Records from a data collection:
--*--
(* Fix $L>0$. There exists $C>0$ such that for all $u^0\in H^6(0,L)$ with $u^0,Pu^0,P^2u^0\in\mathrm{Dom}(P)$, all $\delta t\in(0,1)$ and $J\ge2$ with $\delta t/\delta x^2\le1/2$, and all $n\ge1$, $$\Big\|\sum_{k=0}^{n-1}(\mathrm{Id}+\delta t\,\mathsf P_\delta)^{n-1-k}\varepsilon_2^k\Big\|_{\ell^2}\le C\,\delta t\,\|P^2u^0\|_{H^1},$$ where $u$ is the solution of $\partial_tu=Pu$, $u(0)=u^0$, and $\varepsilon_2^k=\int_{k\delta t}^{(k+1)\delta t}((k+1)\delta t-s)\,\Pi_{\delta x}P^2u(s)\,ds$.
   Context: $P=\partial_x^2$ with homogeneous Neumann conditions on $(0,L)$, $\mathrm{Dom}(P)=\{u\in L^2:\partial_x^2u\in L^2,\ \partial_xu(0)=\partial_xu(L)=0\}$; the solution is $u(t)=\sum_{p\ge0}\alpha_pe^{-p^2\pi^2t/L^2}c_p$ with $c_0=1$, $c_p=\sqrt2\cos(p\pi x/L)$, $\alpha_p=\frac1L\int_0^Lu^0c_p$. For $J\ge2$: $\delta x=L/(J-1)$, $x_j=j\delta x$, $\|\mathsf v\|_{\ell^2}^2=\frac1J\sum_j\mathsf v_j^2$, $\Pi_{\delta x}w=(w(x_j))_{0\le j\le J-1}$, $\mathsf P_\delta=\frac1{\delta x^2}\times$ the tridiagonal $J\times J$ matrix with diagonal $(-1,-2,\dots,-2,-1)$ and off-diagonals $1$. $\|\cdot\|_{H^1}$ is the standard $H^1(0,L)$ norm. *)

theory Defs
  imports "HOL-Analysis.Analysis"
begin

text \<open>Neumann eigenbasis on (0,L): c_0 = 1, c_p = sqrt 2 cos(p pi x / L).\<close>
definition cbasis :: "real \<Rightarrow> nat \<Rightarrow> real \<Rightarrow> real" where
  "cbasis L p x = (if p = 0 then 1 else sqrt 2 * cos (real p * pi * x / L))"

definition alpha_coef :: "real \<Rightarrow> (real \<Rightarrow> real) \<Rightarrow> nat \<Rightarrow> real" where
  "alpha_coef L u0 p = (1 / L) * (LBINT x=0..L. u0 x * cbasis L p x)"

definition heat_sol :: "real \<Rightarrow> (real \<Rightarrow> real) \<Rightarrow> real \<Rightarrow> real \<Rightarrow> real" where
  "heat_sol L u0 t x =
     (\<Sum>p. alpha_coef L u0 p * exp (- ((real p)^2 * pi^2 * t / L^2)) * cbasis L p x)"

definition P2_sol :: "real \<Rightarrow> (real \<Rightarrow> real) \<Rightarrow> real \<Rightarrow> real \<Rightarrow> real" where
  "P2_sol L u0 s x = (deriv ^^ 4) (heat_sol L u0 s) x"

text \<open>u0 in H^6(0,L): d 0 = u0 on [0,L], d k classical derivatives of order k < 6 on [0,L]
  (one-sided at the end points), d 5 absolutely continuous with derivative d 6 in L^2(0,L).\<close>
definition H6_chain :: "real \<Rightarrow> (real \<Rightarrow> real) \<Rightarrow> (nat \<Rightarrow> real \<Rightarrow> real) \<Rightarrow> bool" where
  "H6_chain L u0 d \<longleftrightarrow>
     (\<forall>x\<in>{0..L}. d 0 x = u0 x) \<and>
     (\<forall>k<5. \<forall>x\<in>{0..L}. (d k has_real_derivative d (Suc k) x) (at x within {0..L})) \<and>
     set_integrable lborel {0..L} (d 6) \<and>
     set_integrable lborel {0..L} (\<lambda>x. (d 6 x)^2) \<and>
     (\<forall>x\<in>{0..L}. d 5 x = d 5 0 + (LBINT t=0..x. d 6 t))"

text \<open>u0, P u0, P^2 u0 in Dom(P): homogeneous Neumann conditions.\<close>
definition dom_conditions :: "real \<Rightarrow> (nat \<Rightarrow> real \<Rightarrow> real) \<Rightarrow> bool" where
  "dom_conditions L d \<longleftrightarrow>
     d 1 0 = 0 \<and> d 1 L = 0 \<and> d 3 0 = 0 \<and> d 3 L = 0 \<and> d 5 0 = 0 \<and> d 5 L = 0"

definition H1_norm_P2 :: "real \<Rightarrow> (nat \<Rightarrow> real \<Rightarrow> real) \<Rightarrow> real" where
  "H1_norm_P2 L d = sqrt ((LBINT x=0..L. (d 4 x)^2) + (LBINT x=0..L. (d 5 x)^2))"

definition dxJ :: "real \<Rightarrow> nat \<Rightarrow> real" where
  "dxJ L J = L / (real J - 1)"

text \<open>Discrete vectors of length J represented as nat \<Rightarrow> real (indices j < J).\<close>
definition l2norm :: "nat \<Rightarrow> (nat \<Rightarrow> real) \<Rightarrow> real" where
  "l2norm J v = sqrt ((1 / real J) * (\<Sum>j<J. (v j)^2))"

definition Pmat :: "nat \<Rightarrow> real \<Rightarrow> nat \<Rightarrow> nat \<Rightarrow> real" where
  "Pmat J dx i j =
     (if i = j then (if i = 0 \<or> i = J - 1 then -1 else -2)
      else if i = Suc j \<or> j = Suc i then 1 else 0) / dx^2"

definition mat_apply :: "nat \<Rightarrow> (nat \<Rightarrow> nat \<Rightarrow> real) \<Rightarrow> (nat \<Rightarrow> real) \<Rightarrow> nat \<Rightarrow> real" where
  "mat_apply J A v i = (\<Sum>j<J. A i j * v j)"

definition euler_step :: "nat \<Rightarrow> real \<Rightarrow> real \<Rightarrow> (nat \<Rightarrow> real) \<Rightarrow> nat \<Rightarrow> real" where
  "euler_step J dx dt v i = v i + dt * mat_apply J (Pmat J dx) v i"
--*--
Description of the task. Reprint every entry exactly.

Response to the task.
(* Fix $L>0$. There exists $C>0$ such that for all $u^0\in H^6(0,L)$ with $u^0,Pu^0,P^2u^0\in\mathrm{Dom}(P)$, all $\delta t\in(0,1)$ and $J\ge2$ with $\delta t/\delta x^2\le1/2$, and all $n\ge1$, $$\Big\|\sum_{k=0}^{n-1}(\mathrm{Id}+\delta t\,\mathsf P_\delta)^{n-1-k}\varepsilon_2^k\Big\|_{\ell^2}\le C\,\delta t\,\|P^2u^0\|_{H^1},$$ where $u$ is the solution of $\partial_tu=Pu$, $u(0)=u^0$, and $\varepsilon_2^k=\int_{k\delta t}^{(k+1)\delta t}((k+1)\delta t-s)\,\Pi_{\delta x}P^2u(s)\,ds$.
   Context: $P=\partial_x^2$ with homogeneous Neumann conditions on $(0,L)$, $\mathrm{Dom}(P)=\{u\in L^2:\partial_x^2u\in L^2,\ \partial_xu(0)=\partial_xu(L)=0\}$; the solution is $u(t)=\sum_{p\ge0}\alpha_pe^{-p^2\pi^2t/L^2}c_p$ with $c_0=1$, $c_p=\sqrt2\cos(p\pi x/L)$, $\alpha_p=\frac1L\int_0^Lu^0c_p$. For $J\ge2$: $\delta x=L/(J-1)$, $x_j=j\delta x$, $\|\mathsf v\|_{\ell^2}^2=\frac1J\sum_j\mathsf v_j^2$, $\Pi_{\delta x}w=(w(x_j))_{0\le j\le J-1}$, $\mathsf P_\delta=\frac1{\delta x^2}\times$ the tridiagonal $J\times J$ matrix with diagonal $(-1,-2,\dots,-2,-1)$ and off-diagonals $1$. $\|\cdot\|_{H^1}$ is the standard $H^1(0,L)$ norm. *)

theory Defs
  imports "HOL-Analysis.Analysis"
begin

text \<open>Neumann eigenbasis on (0,L): c_0 = 1, c_p = sqrt 2 cos(p pi x / L).\<close>
definition cbasis :: "real \<Rightarrow> nat \<Rightarrow> real \<Rightarrow> real" where
  "cbasis L p x = (if p = 0 then 1 else sqrt 2 * cos (real p * pi * x / L))"

definition alpha_coef :: "real \<Rightarrow> (real \<Rightarrow> real) \<Rightarrow> nat \<Rightarrow> real" where
  "alpha_coef L u0 p = (1 / L) * (LBINT x=0..L. u0 x * cbasis L p x)"

definition heat_sol :: "real \<Rightarrow> (real \<Rightarrow> real) \<Rightarrow> real \<Rightarrow> real \<Rightarrow> real" where
  "heat_sol L u0 t x =
     (\<Sum>p. alpha_coef L u0 p * exp (- ((real p)^2 * pi^2 * t / L^2)) * cbasis L p x)"

definition P2_sol :: "real \<Rightarrow> (real \<Rightarrow> real) \<Rightarrow> real \<Rightarrow> real \<Rightarrow> real" where
  "P2_sol L u0 s x = (deriv ^^ 4) (heat_sol L u0 s) x"

text \<open>u0 in H^6(0,L): d 0 = u0 on [0,L], d k classical derivatives of order k < 6 on [0,L]
  (one-sided at the end points), d 5 absolutely continuous with derivative d 6 in L^2(0,L).\<close>
definition H6_chain :: "real \<Rightarrow> (real \<Rightarrow> real) \<Rightarrow> (nat \<Rightarrow> real \<Rightarrow> real) \<Rightarrow> bool" where
  "H6_chain L u0 d \<longleftrightarrow>
     (\<forall>x\<in>{0..L}. d 0 x = u0 x) \<and>
     (\<forall>k<5. \<forall>x\<in>{0..L}. (d k has_real_derivative d (Suc k) x) (at x within {0..L})) \<and>
     set_integrable lborel {0..L} (d 6) \<and>
     set_integrable lborel {0..L} (\<lambda>x. (d 6 x)^2) \<and>
     (\<forall>x\<in>{0..L}. d 5 x = d 5 0 + (LBINT t=0..x. d 6 t))"

text \<open>u0, P u0, P^2 u0 in Dom(P): homogeneous Neumann conditions.\<close>
definition dom_conditions :: "real \<Rightarrow> (nat \<Rightarrow> real \<Rightarrow> real) \<Rightarrow> bool" where
  "dom_conditions L d \<longleftrightarrow>
     d 1 0 = 0 \<and> d 1 L = 0 \<and> d 3 0 = 0 \<and> d 3 L = 0 \<and> d 5 0 = 0 \<and> d 5 L = 0"

definition H1_norm_P2 :: "real \<Rightarrow> (nat \<Rightarrow> real \<Rightarrow> real) \<Rightarrow> real" where
  "H1_norm_P2 L d = sqrt ((LBINT x=0..L. (d 4 x)^2) + (LBINT x=0..L. (d 5 x)^2))"

definition dxJ :: "real \<Rightarrow> nat \<Rightarrow> real" where
  "dxJ L J = L / (real J - 1)"

text \<open>Discrete vectors of length J represented as nat \<Rightarrow> real (indices j < J).\<close>
definition l2norm :: "nat \<Rightarrow> (nat \<Rightarrow> real) \<Rightarrow> real" where
  "l2norm J v = sqrt ((1 / real J) * (\<Sum>j<J. (v j)^2))"

definition Pmat :: "nat \<Rightarrow> real \<Rightarrow> nat \<Rightarrow> nat \<Rightarrow> real" where
  "Pmat J dx i j =
     (if i = j then (if i = 0 \<or> i = J - 1 then -1 else -2)
      else if i = Suc j \<or> j = Suc i then 1 else 0) / dx^2"

definition mat_apply :: "nat \<Rightarrow> (nat \<Rightarrow> nat \<Rightarrow> real) \<Rightarrow> (nat \<Rightarrow> real) \<Rightarrow> nat \<Rightarrow> real" where
  "mat_apply J A v i = (\<Sum>j<J. A i j * v j)"

definition euler_step :: "nat \<Rightarrow> real \<Rightarrow> real \<Rightarrow> (nat \<Rightarrow> real) \<Rightarrow> nat \<Rightarrow> real" where
  "euler_step J dx dt v i = v i + dt * mat_apply J (Pmat J dx) v i"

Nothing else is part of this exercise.